In the same year, Johnson and colleagues used survey data on high
school use and found decriminalisation had no effect on attitudes or
beliefs about drugs. These studies are old, but only because the
liberalisations they rely on for data happened a long time ago.

Another line of evidence comes from "before and after" studies, when
laws are changed. Cannabis use in the UK dropped after cannabis was
moved from class B to class C. Prohibition of alcohol in the US from
1920 to 1933 is the most famous example: alcohol use fell dramatically
when prohibition began, and the price of alcohol rose to 318% of its
previous level. By 1929 this initial impact had begun to wear off and
rapidly: alcohol consumption had risen to 70% of pre-prohibition
levels, and was still rising when prohibition was repealed, and the
price had fallen to 171% of pre-prohibition levels. This reversion to
old patterns of use occurred despite escalating spending on
enforcement, up 600% over the same period. There are many more examples.

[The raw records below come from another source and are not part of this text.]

lemma card_gadget_nodes_0: "card (gadget_nodes m 0) \<le> 24 * m + 14"
proof -
  let ?C = "(\<lambda>(a, b). Col a b) ` ({0..1} \<times> {0..6})"
  let ?L = "(\<lambda>(a, b). Lo a b) ` ({2..rail_end m + int 0} \<times> {0..1})"
  let ?H = "(\<lambda>(a, b). Hi a b) ` ({2..rail_end m} \<times> {5..6})"
  let ?LB = "(\<lambda>(i, dx, dy). LoBit i dx dy) ` ({..<m} \<times> UNIV)"
  let ?HB = "(\<lambda>(i, dx, dy). HiBit i dx dy) ` ({..<m} \<times> UNIV)"
  have bits: "card (UNIV :: (bool \<times> bool) set) = 4"
    by (simp add: UNIV_Times_UNIV[symmetric] card_cartesian_product del: UNIV_Times_UNIV)
  have "card ?C \<le> 14" "card ?L \<le> 8 * m" "card ?H \<le> 8 * m" "card ?LB \<le> 4 * m" "card ?HB \<le> 4 * m"
    by (auto intro!: card_image_le[THEN order.trans] simp: card_cartesian_product rail_end_def bits)
  moreover have "card (gadget_nodes m 0) \<le> card (?C \<union> ?L \<union> ?H \<union> ?LB \<union> ?HB)"
    by (rule card_mono[OF _ gadget_nodes_subset]) auto
  moreover have "card (?C \<union> ?L \<union> ?H \<union> ?LB \<union> ?HB) \<le> card ?C + card ?L + card ?H + card ?LB + card ?HB"
    using card_Un_le[of "?C \<union> ?L \<union> ?H \<union> ?LB" ?HB] card_Un_le[of "?C \<union> ?L \<union> ?H" ?LB]
      card_Un_le[of "?C \<union> ?L" ?H] card_Un_le[of ?C ?L]
    by linarith
  ultimately show ?thesis
    by linarith
qed

lemma card_gadget_nodes: "card (gadget_nodes m k) = card (gadget_nodes m 0) + k"
proof (induction k)
  case 0
  then show ?case by simp
next
  case (Suc k)
  have "in_gadget m (Suc k) s \<longleftrightarrow> s = Lo (rail_end m + int k + 1) 0 \<or> in_gadget m k s" for s
    by (cases s) (auto simp: rail_end_def)
  then have "gadget_nodes m (Suc k) = insert (Lo (rail_end m + int k + 1) 0) (gadget_nodes m k)"
    by (auto simp: gadget_nodes_def)
  moreover have "Lo (rail_end m + int k + 1) 0 \<notin> gadget_nodes m k"
    by (simp add: gadget_nodes_def)
  ultimately show ?case
    using Suc finite_gadget_nodes by simp
qed

lemma rtrancl_relabel:
  assumes "(a, b) \<in> r\<^sup>*" and "\<And>s t. (s, t) \<in> r \<Longrightarrow> (g s, g t) \<in> q"
  shows "(g a, g b) \<in> q\<^sup>*"
  using assms(1) by induction (auto intro: rtrancl_into_rtrancl assms(2))

lemma connected_graph_relabel:
  assumes bij: "bij_betw h V S" and E: "\<And>u v. E u v \<longleftrightarrow> u \<in> V \<and> v \<in> V \<and> R (h u) (h v)"
    and sym: "\<And>s t. R s t \<Longrightarrow> R t s" and root: "s0 \<in> S"
    and reach: "\<And>s. s \<in> S \<Longrightarrow> (s, s0) \<in> {(a, b). a \<in> S \<and> b \<in> S \<and> R a b}\<^sup>*"
  shows "connected_graph V E"
  unfolding connected_graph_def
proof (intro ballI)
  fix u v assume u: "u \<in> V" and v: "v \<in> V"
  define g where "g = inv_into V h"
  have g: "g (h w) = w" "h w \<in> S" if "w \<in> V" for w
    using bij that by (auto simp: g_def bij_betw_def)
  have gS: "g s \<in> V" "h (g s) = s" if "s \<in> S" for s
    using bij that by (auto simp: g_def bij_betw_def f_inv_into_f inv_into_into)
  have to_root: "(w, g s0) \<in> {(a, b). E a b}\<^sup>*" if "w \<in> V" for w
    using rtrancl_relabel[OF reach[OF g(2)[OF that]], of g] g[OF that] gS E by auto
  have "(g s0, v) \<in> ({(a, b). E a b}\<inverse>)\<^sup>*"
    using to_root[OF v] by (simp add: rtrancl_converseI)
  moreover have "{(a, b). E a b}\<inverse> = {(a, b). E a b}"
    using E sym by auto
  ultimately show "(u, v) \<in> {(a, b). E a b}\<^sup>*"
    using to_root[OF u] by (metis rtrancl_trans)
qed

definition grid_embedding_on :: "'a set \<Rightarrow> ('a \<Rightarrow> 'a \<Rightarrow> bool) \<Rightarrow> ('a \<Rightarrow> int \<times> int) \<Rightarrow> bool" where
  "grid_embedding_on S R g \<longleftrightarrow> inj_on g S \<and> (\<forall>s\<in>S. \<forall>t\<in>S. R s t \<longrightarrow> grid_adj (g s) (g t))"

This is not an unresearchable question. There are other factors at
play in all of these studies, and if they are not sufficiently
rigorous for the government, or a brief informal dip into the
literature is not enough, (it shouldn't be) then they should
commission more research: because it is a tenet of evidence-based
policy that if you discover a gap, you commission work to fill it.

This work is important for one simple reason. If you wish to justify a
policy that will plainly increase the harms associated with each
individual act of drug use, by creating violent criminal gangs as
distributors, driving the sale of contaminated black market drugs,
blighting the careers of users caught by the police, criminalising
three million people, and so on, then people will reasonably expect,
as a trade-off, that you will also provide good quality evidence
showing that your policy achieves its stated aim of reducing the
overall numbers of people using drugs.